Marisa's Laughter Page
Sept. 26, 2001
Is it REALLY in his kiss?
I love old music. I am a nostalgic kind of gal. I work in a busy imaging department in a hospital and we keep the radio on an oldies station all the time. We moved into a new facility a little over a year ago. In the old building, we listened to oldies because that seemed to fit the 1960's decor. We thought once we got to the new, modern building that we'd listen to new, modern music. As luck would have it, we could only pick up one radio station really well - you guessed it, OLDIES!
That was all right with me. My patients love oldies. As the baby boomers grow older, they end up visiting my department in increasing numbers. This is the music they grew up with! I get at least one compliment a day on our fine radio station, and very few complaints. I think our patients also enjoy seeing us technologists move to the groove and sing as we work. (I recall seeing movies where slaves and prisoners sang as they worked too. Hmmm. . .)
Every now and then I hear a song I've heard all my life, but for some reason or another, it's like hearing it for the very first time. For example, one day as I changed the sheets on the scan table, I heard ''Stop In the Name of Love'' by the Supremes. Now, my mom was a BIG Supremes fan when I was a kid and I knew most of their songs by heart even before I had to listen to oldies for eight hours a day. I don't remember NOT knowing the words to that song. That day, though, the bass line hit me like never before.
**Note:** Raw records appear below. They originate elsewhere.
text \<open>Here the rim sums are odd except for \<open>2 h - 2\<close> and \<open>2 h + 4\<close>, whose partners
  \<open>2 h + 3\<close> and \<open>2 h - 3\<close> towards \<open>2 n + 1 = 4 h + 1\<close> do not occur.\<close>
lemma admissible_base_2_mod_4:
  assumes "odd h" "3 \<le> h"
  shows "admissible_base_labeling (2 * h) (base_2_mod_4 h)"
proof (rule admissible_base_labelingI)
  let ?g = "base_2_mod_4 h" and ?S = "rim_sum (2 * h) (base_2_mod_4 h)"
  show "?g ` {..2 * h} \<subseteq> {..2 * h}"
    using assms(1) by (auto simp: base_2_mod_4_def) presburger
  show "?g i \<noteq> ?g 0" if "i \<in> {1..2 * h}" for i
  proof -
    obtain x where "?g i = x" by simp
    with base_2_mod_4_cases[of i h] that assms(2) show ?thesis
      by (simp add: base_2_mod_4_def[of h 0]) (elim disjE conjE; linarith)
  qed
  show "inj_on ?g {1..2 * h}"
  proof (rule inj_onI)
    fix i k assume "i \<in> {1..2 * h}" "k \<in> {1..2 * h}" and "?g i = ?g k"
    then obtain x where i: "1 \<le> i" and k: "1 \<le> k" and "?g i = x" "?g k = x" by simp
    with base_2_mod_4_cases[OF i, of h] base_2_mod_4_cases[OF k, of h] assms(1) show "i = k"
      by (elim disjE conjE; (linarith | presburger))
  qed
  show "inj_on ?S {1..2 * h}"
  proof (rule inj_onI)
    fix i k assume "i \<in> {1..2 * h}" "k \<in> {1..2 * h}" and "?S i = ?S k"
    then obtain x where i: "1 \<le> i" "i \<le> 2 * h" and k: "1 \<le> k" "k \<le> 2 * h"
      and "?S i = x" "?S k = x" by simp
    with rim_sum_base_2_mod_4_cases[OF assms i] rim_sum_base_2_mod_4_cases[OF assms k]
    show "i = k" by (elim disjE conjE; linarith)
  qed
  have rim_sum_shape: "(odd x \<or> x + 2 = 2 * h \<or> x = 2 * h + 4) \<and> x \<noteq> 2 * h + 3 \<and> x + 3 \<noteq> 2 * h"
    if "i \<in> {1..2 * h}" "?S i = x" for i x
  proof -
    from that have i: "1 \<le> i" "i \<le> 2 * h" by simp_all
    with rim_sum_base_2_mod_4_cases[OF assms i, unfolded that(2)] show ?thesis
      by (elim disjE conjE; presburger)
  qed
  fix i k assume "i \<in> {1..2 * h}" "k \<in> {1..2 * h}"
  moreover obtain x y where "?S i = x" "?S k = y" by simp
  ultimately have "(odd x \<or> x + 2 = 2 * h \<or> x = 2 * h + 4) \<and> x \<noteq> 2 * h + 3 \<and> x + 3 \<noteq> 2 * h"
    and "(odd y \<or> y + 2 = 2 * h \<or> y = 2 * h + 4) \<and> y \<noteq> 2 * h + 3 \<and> y + 3 \<noteq> 2 * h"
    using rim_sum_shape by blast+
  then have "x + y \<noteq> 2 * (2 * h) + 1" by (elim disjE conjE; presburger)
  with \<open>?S i = x\<close> \<open>?S k = y\<close> show "?S i + ?S k \<noteq> 2 * (2 * h) + 1" by simp
qed

lemma admissible_base_labeling_exists:
  assumes "even n" "4 \<le> n"
  obtains g where "admissible_base_labeling n g"
proof -
  from assms(1) obtain h where n: "n = 2 * h" by (elim evenE)
  show thesis
  proof (cases "even h")
    case True
    moreover from assms(2) n have "2 \<le> h" by simp
    ultimately have "admissible_base_labeling (2 * h) (base_0_mod_4 h)" by (rule admissible_base_0_mod_4)
    with n that show thesis by blast
  next
    case False
    moreover from assms(2) n False have "3 \<le> h" by presburger
    ultimately have "admissible_base_labeling (2 * h) (base_2_mod_4 h)" by (rule admissible_base_2_mod_4)
    with n that show thesis by blast
  qed
qed

theorem theorem6:
  fixes n m :: nat
  assumes "even n" and "n \<ge> 4" and "m \<ge> 2"
  shows "H_supermagic (cycle_graph 3) (mWheel m n)"
proof -
  \<comment> \<open>The construction works for every \<open>m\<close>.\<close>
  from assms(1,2) obtain g where "admissible_base_labeling n g"
    by (rule admissible_base_labeling_exists)
  with assms(1,2) interpret mWheel_labeling m n g by unfold_locales
  show ?thesis by (rule C3_supermagic)
qed

end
I suppose this comes from being married to a bassist too long.
Well, a few days ago I had a similar moment with ''The Shoop Shoop Song (It's in His Kiss)" by Betty Everett. (I could've sworn that was Martha and the Vandellas, but what do I know? That's why I have Billboard reference books.) Anyway, I was sitting in front of the computer, processing a heart scan, humming as I went, and that song came on. I was listening along to lyrics like ''Is it the way he acts? Oh, no, that's not the way. . .''
And suddenly it dawned on me. It's no wonder so many of us have marital problems when we have grown up believing that the measuring stick for the depth of a man's love is in his kiss.
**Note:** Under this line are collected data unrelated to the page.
lemma card_K_eq: "card (carrier K) = Suc (orbit_count * card (carrier H))"
proof -
  have "card (carrier K) > 0"
    using finite_K K.one_closed card_gt_0_iff by blast
  moreover have "orbit_count * card (carrier H) = card (carrier K) - 1"
    unfolding orbit_count_def using card_H_dvd by (rule dvd_div_mult_self)
  ultimately show ?thesis
    by linarith
qed

lemma H_pow_card_K_eq_one:
  assumes "h \<in> carrier H" "h [^]\<^bsub>H\<^esub> card (carrier K) = \<one>\<^bsub>H\<^esub>"
  shows "h = \<one>\<^bsub>H\<^esub>"
proof -
  have "h [^]\<^bsub>H\<^esub> (card (carrier H) * orbit_count) = \<one>\<^bsub>H\<^esub>"
    using assms H.pow_order_eq_1 by (simp add: H.nat_pow_pow[symmetric] order_def)
  with assms show ?thesis
    by (simp add: card_K_eq mult.commute)
qed

lemma K_inv_pow_card_H:
  assumes "x \<in> carrier K"
  shows "inv\<^bsub>K\<^esub> (x [^]\<^bsub>K\<^esub> (card (carrier H) * orbit_count)) = x"
proof -
  have "x [^]\<^bsub>K\<^esub> (card (carrier H) * orbit_count) \<otimes>\<^bsub>K\<^esub> x = \<one>\<^bsub>K\<^esub>"
    using K.pow_order_eq_1[OF assms] card_K_eq by (simp add: order_def mult.commute)
  then show ?thesis
    using assms by (intro K.inv_equality) (simp_all add: KC.m_comm)
qed

subsection \<open>The normalizer of the complement\<close>

abbreviation N where "N \<equiv> normalizer (AutoGroup K) (phi ` carrier H)"

definition intertwines :: "('k \<Rightarrow> 'k) \<Rightarrow> 'h \<Rightarrow> 'h \<Rightarrow> bool" where
  "intertwines a h h' \<longleftrightarrow> (\<forall>x\<in>carrier K. phi h' (a x) = a (phi h x))"
lemma uf_Un:
  assumes U: "nonprincipal_uf U" and "X \<union> Y \<in> U"
  shows "X \<in> U \<or> Y \<in> U"
proof (rule ccontr)
  assume "\<not> (X \<in> U \<or> Y \<in> U)"
  then have "- X \<inter> - Y \<in> U" using U uf_Compl uf_Int by blast
  then have "(X \<union> Y) \<inter> (- X \<inter> - Y) \<in> U" using uf_Int[OF U \<open>X \<union> Y \<in> U\<close>] by blast
  moreover have "(X \<union> Y) \<inter> (- X \<inter> - Y) = {}" by blast
  ultimately show False using U by (simp add: nonprincipal_uf_def)
qed

lemma nonstandard_finite_notin:
  assumes U: "nonprincipal_uf U" and ns: "nonstandard U \<phi>" and F: "finite F"
  shows "{i. \<phi> i \<in> F} \<notin> U"
  using F
proof (induction F rule: finite_induct)
  case empty
  then show ?case using U by (simp add: nonprincipal_uf_def)
next
  case (insert a F)
  have "{i. \<phi> i \<in> insert a F} = {i. \<phi> i = a} \<union> {i. \<phi> i \<in> F}" by auto
  then show ?case using uf_Un[OF U] insert.IH ns by (metis nonstandard_def)
qed

lemma nonstandard_eventually_greater:
  assumes U: "nonprincipal_uf U" and ns: "nonstandard U \<phi>" and F: "finite F"
  shows "{i. \<forall>j\<in>F. j < \<phi> i} \<in> U"
proof -
  have "finite {x. \<exists>j\<in>F. x \<le> j}"
    using F by (simp add: finite_nat_set_iff_bounded_le) (meson Max_ge order_trans)
  then have "{i. \<phi> i \<in> {x. \<exists>j\<in>F. x \<le> j}} \<notin> U"
    using nonstandard_finite_notin[OF U ns] by blast
  then have "- {i. \<phi> i \<in> {x. \<exists>j\<in>F. x \<le> j}} \<in> U"
    by (rule uf_Compl[OF U])
  then show ?thesis by (rule uf_mono[OF U]) (auto simp: not_le)
qed

lemma stem_unique:
  assumes "is_stem T s" shows "stem T = s"
  unfolding stem_def
proof (rule the_equality)
  show "is_stem T s" by fact
next
  fix s' assume s': "is_stem T s'"
  have "init_seg s s' \<or> init_seg s' s"
    using assms s' unfolding is_stem_def comparable_all_def by blast
  then show "s' = s"
    using assms s' unfolding is_stem_def by metis
qed

lemma is_stem_stem: "has_stem T \<Longrightarrow> is_stem T (stem T)"
  unfolding has_stem_def using stem_unique by blast

lemma is_stem_if_ext_in_star:
  assumes U: "nonprincipal_uf U" and ns: "nonstandard U \<phi>"
    and fin: "\<forall>t\<in>S. finite t" and r: "r \<in> S" "comparable_all S r"
    and ext: "ext_in_star U \<phi> r S"
  shows "is_stem S r"
  unfolding is_stem_def
proof (intro conjI ballI impI r)
  fix u assume u: "u \<in> S" and u_comp: "comparable_all S u \<and> init_seg r u"
  show "u = r"
  proof (rule ccontr)
    assume "u \<noteq> r"
    have succ: "{i. r \<union> {\<phi> i} \<in> S} \<in> U" using ext by (simp add: ext_in_star_def)
    have greater: "{i. \<forall>j\<in>r. j < \<phi> i} \<in> U"
      using nonstandard_eventually_greater[OF U ns] fin r by blast
    have "{i. r \<union> {\<phi> i} \<in> S} \<inter> {i. \<forall>j\<in>r. j < \<phi> i} \<subseteq> {i. \<phi> i \<in> u}"
    proof clarify
      fix i assume "r \<union> {\<phi> i} \<in> S" and greater_i: "\<forall>j\<in>r. j < \<phi> i"
      then have "init_seg u (insert (\<phi> i) r) \<or> init_seg (insert (\<phi> i) r) u"
        using u_comp unfolding comparable_all_def by auto
      then show "\<phi> i \<in> u"
      proof
        assume "init_seg u (insert (\<phi> i) r)"
        then have "init_seg u r \<or> u = insert (\<phi> i) r" by (rule init_seg_insertD[OF greater_i])
        then show ?thesis using u_comp \<open>u \<noteq> r\<close> init_seg_antisym by auto
      next
        assume "init_seg (insert (\<phi> i) r) u"
        then show ?thesis using init_seg_subset by blast
      qed
    qed
    then have "{i. \<phi> i \<in> u} \<in> U" by (rule uf_mono[OF U uf_Int[OF U succ greater]])
    then show False using nonstandard_finite_notin[OF U ns] fin u by blast
  qed
qed

definition pruned_tree :: "nat set set \<Rightarrow> nat set set \<Rightarrow> nat set \<Rightarrow> nat set set" where
  "pruned_tree T H r =
     {t \<in> T. init_seg t r \<or> init_seg r t \<and> (\<forall>u. init_seg r u \<and> init_seg u t \<longrightarrow> u \<in> H)}"

lemma pruned_tree_subset: "pruned_tree T H r \<subseteq> T"
  by (auto simp: pruned_tree_def)

lemma is_tree_pruned_tree:
  assumes T: "is_tree T" and r: "r \<in> T"
  shows "is_tree (pruned_tree T H r)"
  unfolding is_tree_def
proof (intro conjI ballI allI impI)
  have "init_seg r r" using T r by (simp add: is_tree_def init_seg_refl)
  then have "r \<in> pruned_tree T H r" using r by (simp add: pruned_tree_def)
  then show "pruned_tree T H r \<noteq> {}" by blast
  show "finite t" if "t \<in> pruned_tree T H r" for t
    using that T pruned_tree_subset[of T H r] unfolding is_tree_def by blast
next
  fix t s assume t: "t \<in> pruned_tree T H r" and st: "init_seg s t"
  have sT: "s \<in> T" using T t st by (auto simp: is_tree_def pruned_tree_def)
  from t have "init_seg t r \<or> init_seg r t \<and> (\<forall>u. init_seg r u \<and> init_seg u t \<longrightarrow> u \<in> H)"
    by (simp add: pruned_tree_def)
  then show "s \<in> pruned_tree T H r"
  proof
    assume "init_seg t r"
    then have "init_seg s r" by (rule init_seg_trans[OF st])
    then show ?thesis using sT by (simp add: pruned_tree_def)
  next
    assume rt: "init_seg r t \<and> (\<forall>u. init_seg r u \<and> init_seg u t \<longrightarrow> u \<in> H)"
    then have "init_seg s r \<or> init_seg r s" using init_seg_linear[OF st] by blast
    moreover have "\<forall>u. init_seg r u \<and> init_seg u s \<longrightarrow> u \<in> H"
      using rt init_seg_trans[OF _ st] by blast
    ultimately show ?thesis using sT by (auto simp: pruned_tree_def)
  qed
qed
Now, don't get me wrong, I LIKE this song. It's peppy, it's cute, it's a lot of fun to sing. It was well produced in its day. But the lyrics are a real BULL-loney sandwich!
If it were really in his kiss, I might've missed out on my husband altogether. First of all, I got tired of kissing before he ever came along. I can blame that on a guy I dated before my husband. That guy LOVED to kiss. My lips grew tired, and gradually, the rest of me did too. Fortunately for my husband, my lips recovered eventually. However, kissing wasn't all it was cracked up to be with him either. When we started dating, he smoked and I didn't. That made kissing a little less than I expected as well.
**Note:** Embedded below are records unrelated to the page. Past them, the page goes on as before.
(* Assume (A1), (A2), (A3) (see context). Suppose there exist a locally bounded measurable $\phi:\mathbb R_+\to\mathbb R_+$ and constants $C_0,\varepsilon>0$ such that $\phi(r)\le C_0r^{-d-2-\varepsilon}$ for $r\ge1$, and for $\mathcal P_0$-a.a. $\omega$, $\mathrm E_0[c_{0,x}(\omega)\mid\hat\omega]\le\phi(|x|)$ for all $x\in\hat\omega$ with $x\sim0$. If $\rho_2<+\infty$, then $\lambda_0,\lambda_2\in L^1(\mathcal P_0)$.
   Context: $\mathcal N$ = locally finite subsets of $\mathbb R^d$, identified with counting measures ($\xi(A)=\#(\xi\cap A)$), with $\sigma$-algebra generated by $\xi\mapsto\xi(A)$; $\tau_x\xi:=\xi-x$. $\mathrm{Vor}(x|\xi)=\{y:|y-x|\le|y-z|\ \forall z\in\xi\}$; $\mathrm{DT}(\xi)$ is the graph on $\xi$ with edges $\{x,y\}$, $x\ne y$, whose Voronoi cells share a $(d-1)$-dimensional face; $x\sim y$ denotes adjacency. Setting: $(\Omega,\mathcal F,\mathcal P)$ probability space with a measurable $\mathbb R^d$-action $(\theta_x)$; simple point process $\omega\mapsto\hat\omega\in\mathcal N$ with law $\mathbb P$ (expectation $\mathbb E$); measurable symmetric conductances $c_{x,y}(\omega)\ge0$ with $c_{x,x}=0$ and $c_{x,y}(\omega)=0$ unless $\{x,y\}$ is an edge of $\mathrm{DT}(\hat\omega)$. (A1) $\mathcal P$ is $\theta$-invariant and $\mathcal P(\hat\omega=\emptyset)=0$; (A2) $m:=\mathbb E[\xi([0,1]^d)]\in(0,\infty)$; (A3) on a $\theta$-invariant measurable set $\Omega_*$ of full measure, $\widehat{\theta_x\omega}=\tau_x\hat\omega$ and $c_{y-x,z-x}(\theta_x\omega)=c_{y,z}(\omega)$ for all $x$ and edges $\{y,z\}$ of $\mathrm{DT}(\hat\omega)$. Palm distribution $\mathcal P_0(A)=\frac1m\int d\mathcal P(\omega)\sum_{x\in\hat\omega\cap[0,1]^d}\mathbf 1_A(\theta_x\omega)$, concentrated on $\{0\in\hat\omega\}$, expectation $\mathrm E_0$. $\lambda_k(\omega):=\sum_{x\in\hat\omega:x\sim0}c_{0,x}(\omega)|x|^k$ for $k=0,2$. $\rho_2:=\mathbb E[\xi([0,1]^d)^2]$. *)

theory Defs
  imports "HOL-Probability.Probability"
begin

text \<open>Locally finite subsets of R^d (simple counting measures).\<close>
definition loc_finite_sets :: "('a::euclidean_space) set set" where
  "loc_finite_sets = {\<xi>. \<forall>K. compact K \<longrightarrow> finite (\<xi> \<inter> K)}"

definition Nspace :: "('a::euclidean_space) set measure" where
  "Nspace = sigma loc_finite_sets
     {{\<xi> \<in> loc_finite_sets. card (\<xi> \<inter> A) = k} | A k. A \<in> sets borel \<and> bounded A}"

definition Vor :: "'a::euclidean_space \<Rightarrow> 'a set \<Rightarrow> 'a set" where
  "Vor x \<xi> = {y. \<forall>z\<in>\<xi>. dist y x \<le> dist y z}"

text \<open>Adjacency in the Delaunay triangulation DT(xi): distinct points of xi
  whose Voronoi cells share a (d-1)-dimensional face.\<close>
definition dt_adj :: "'a::euclidean_space set \<Rightarrow> 'a \<Rightarrow> 'a \<Rightarrow> bool" where
  "dt_adj \<xi> x y \<longleftrightarrow> x \<in> \<xi> \<and> y \<in> \<xi> \<and> x \<noteq> y \<and>
      aff_dim (Vor x \<xi> \<inter> Vor y \<xi>) = int DIM('a) - 1"

definition measurable_action :: "'w measure \<Rightarrow> ('a::euclidean_space \<Rightarrow> 'w \<Rightarrow> 'w) \<Rightarrow> bool" where
  "measurable_action P \<theta> \<longleftrightarrow>
     (\<lambda>(x, \<omega>). \<theta> x \<omega>) \<in> measurable (borel \<Otimes>\<^sub>M P) P \<and>
     (\<forall>\<omega>\<in>space P. \<theta> 0 \<omega> = \<omega>) \<and>
     (\<forall>x y. \<forall>\<omega>\<in>space P. \<theta> (x + y) \<omega> = \<theta> x (\<theta> y \<omega>))"

definition intensity :: "'w measure \<Rightarrow> ('w \<Rightarrow> 'a::euclidean_space set) \<Rightarrow> ennreal" where
  "intensity P pp = (\<integral>\<^sup>+ \<omega>. of_nat (card (pp \<omega> \<inter> cbox 0 One)) \<partial>P)"

definition second_moment :: "'w measure \<Rightarrow> ('w \<Rightarrow> 'a::euclidean_space set) \<Rightarrow> ennreal" where
  "second_moment P pp = (\<integral>\<^sup>+ \<omega>. of_nat (card (pp \<omega> \<inter> cbox 0 One)) ^ 2 \<partial>P)"

definition palm :: "'w measure \<Rightarrow> ('a::euclidean_space \<Rightarrow> 'w \<Rightarrow> 'w) \<Rightarrow> ('w \<Rightarrow> 'a set) \<Rightarrow> 'w measure" where
  "palm P \<theta> pp = measure_of (space P) (sets P)
     (\<lambda>A. (\<integral>\<^sup>+ \<omega>. of_nat (card {x \<in> pp \<omega> \<inter> cbox 0 One. \<theta> x \<omega> \<in> A}) \<partial>P) / intensity P pp)"

definition lam :: "('w \<Rightarrow> 'a::euclidean_space \<Rightarrow> 'a \<Rightarrow> real) \<Rightarrow> ('w \<Rightarrow> 'a set) \<Rightarrow> nat \<Rightarrow> 'w \<Rightarrow> ennreal" where
  "lam c pp k \<omega> = (\<integral>\<^sup>+ x. ennreal (c \<omega> 0 x * norm x ^ k) \<partial>count_space {x \<in> pp \<omega>. dt_adj (pp \<omega>) 0 x})"

text \<open>g(xi, x) is a version of the conditional expectation E_0[c_{0,x} | omega-hat] at the
  neighbours x of 0: g is measurable in (xi, x) and, for every nonnegative measurable test
  function h of (omega-hat, x),
  E_0[sum_{x~0} c_{0,x} h(omega-hat,x)] = E_0[sum_{x~0} g(omega-hat,x) h(omega-hat,x)].\<close>
definition cond_exp_neighbours ::
  "'w measure \<Rightarrow> ('w \<Rightarrow> 'a::euclidean_space set) \<Rightarrow> ('w \<Rightarrow> 'a \<Rightarrow> 'a \<Rightarrow> real)
     \<Rightarrow> ('a set \<times> 'a \<Rightarrow> ennreal) \<Rightarrow> bool" where
  "cond_exp_neighbours Q pp c g \<longleftrightarrow>
     g \<in> borel_measurable (Nspace \<Otimes>\<^sub>M borel) \<and>
     (\<forall>h \<in> borel_measurable (Nspace \<Otimes>\<^sub>M borel).
        (\<integral>\<^sup>+ \<omega>. (\<integral>\<^sup>+ x. ennreal (c \<omega> 0 x) * h (pp \<omega>, x)
                    \<partial>count_space {x \<in> pp \<omega>. dt_adj (pp \<omega>) 0 x}) \<partial>Q)
      = (\<integral>\<^sup>+ \<omega>. (\<integral>\<^sup>+ x. g (pp \<omega>, x) * h (pp \<omega>, x)
                    \<partial>count_space {x \<in> pp \<omega>. dt_adj (pp \<omega>) 0 x}) \<partial>Q))"

end

theory Submission
  imports Defs
begin

(* The defining property of g turns E_0[lambda_k] into E_0[sum_{x ~ 0} g(x) |x|^k], which is at
   most E_0[sum_{x in xi} phi(|x|) |x|^k].  The decay of phi dominates phi(r) r^k, k <= 2, by
   sum_j a_j 1{r <= 2^(j+1)} with a_j of order 2^(-(d+eps) j).  By the definition of the Palm
   distribution and stationarity, E_0[xi(B(0,R))] <= E[xi([0,1]^d) xi(B(0,R+d))] / m; covering the
   ball by O(R^d) unit cubes and using ab <= a^2 + b^2 bounds this by O(R^d) rho_2 / m, and the
   weights a_j make the resulting series converge. *)

lemma space_Nspace: "space (Nspace :: 'a::euclidean_space set measure) = loc_finite_sets"
  unfolding Nspace_def by (rule space_measure_of) auto

lemma sets_Nspace: "sets (Nspace :: 'a::euclidean_space set measure) =
   sigma_sets loc_finite_sets
     {{\<xi> \<in> loc_finite_sets. card (\<xi> \<inter> A) = k} | A k. A \<in> sets borel \<and> bounded A}"
  unfolding Nspace_def by (rule sets_measure_of) auto

lemma finite_Int_bounded_loc_finite:
  assumes "\<xi> \<in> loc_finite_sets" "bounded A"
  shows "finite (\<xi> \<inter> A)"
proof -
  have "finite (\<xi> \<inter> closure A)"
    using assms compact_closure unfolding loc_finite_sets_def by blast
  then show ?thesis
    by (rule finite_subset[rotated]) (use closure_subset in auto)
qed

locale point_process =
  fixes P :: "'w measure" and pp :: "'w \<Rightarrow> 'a::euclidean_space set"
  assumes pp_meas: "pp \<in> measurable P Nspace"
begin

lemma loc_finite_points: "\<omega> \<in> space P \<Longrightarrow> pp \<omega> \<in> loc_finite_sets"
  using measurable_space[OF pp_meas] by (simp add: space_Nspace)

lemma finite_points_bounded: "\<omega> \<in> space P \<Longrightarrow> bounded A \<Longrightarrow> finite (pp \<omega> \<inter> A)"
  by (rule finite_Int_bounded_loc_finite[OF loc_finite_points])

lemma measurable_card_points:
  assumes "A \<in> sets borel" "bounded A"
  shows "(\<lambda>\<omega>. card (pp \<omega> \<inter> A)) \<in> measurable P (count_space UNIV)"
  unfolding measurable_count_space_eq2_countable
proof (intro conjI ballI)
  fix k :: nat
  have "{\<xi> \<in> loc_finite_sets. card (\<xi> \<inter> A) = k} \<in> sets Nspace"
    unfolding sets_Nspace using assms by (intro sigma_sets.Basic) blast
  from measurable_sets[OF pp_meas this]
  show "(\<lambda>\<omega>. card (pp \<omega> \<inter> A)) -` {k} \<inter> space P \<in> sets P"
    by (rule back_subst) (use loc_finite_points in auto)
qed auto

lemma borel_measurable_card_points:
  "A \<in> sets borel \<Longrightarrow> bounded A \<Longrightarrow>
    (\<lambda>\<omega>. of_nat (card (pp \<omega> \<inter> A)) :: ennreal) \<in> borel_measurable P"
  by (rule measurable_compose[OF measurable_card_points]) simp_all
I'm glad didn't give up on the guy just because I didn't like kissing that much. Hugging has always ranked high on my list, and he gives great hugs!
My daughter got an old cookbook from my grandmother a few months ago. On the cover is a cute little picture of a woman kissing a man in front of the kitchen stove. The caption reads, ''Kissin' don't last. Cookin' do!'' In my opinion, truer words were never spoken. My husband and I have gained and lost and gained and lost and. . .well, we're somewhere in between now, probably closer to our highest adult weights than our lowest. Cookin' lasts longer than we'd like it to around here!
Cookin' was one of the first non-physical ways my husband expressed emotion toward me. We got married the week after I graduated from college. I started a full-time job the next week, while he was still looking for work. We lived ninety miles from our nearest relatives. When he finally did get a job, it was a part-time, evening shift gig as a disc jockey.
At first, I'd come home after a long day to find the apartment trashed and dinner uncooked. One day I said, ''You know, I don't mind cooking and cleaning, but if you're gonna be home all day long, the least you could do is pick up after yourself.'' I expected to get a cussing. Instead, I got dinner cooked for me the next night. Until we had our daughter three years later, we did most of our grocery shopping together and both of us took a turn at cooking. He doesn't do as much of the cooking as I do anymore, but he's still a better cook than I am.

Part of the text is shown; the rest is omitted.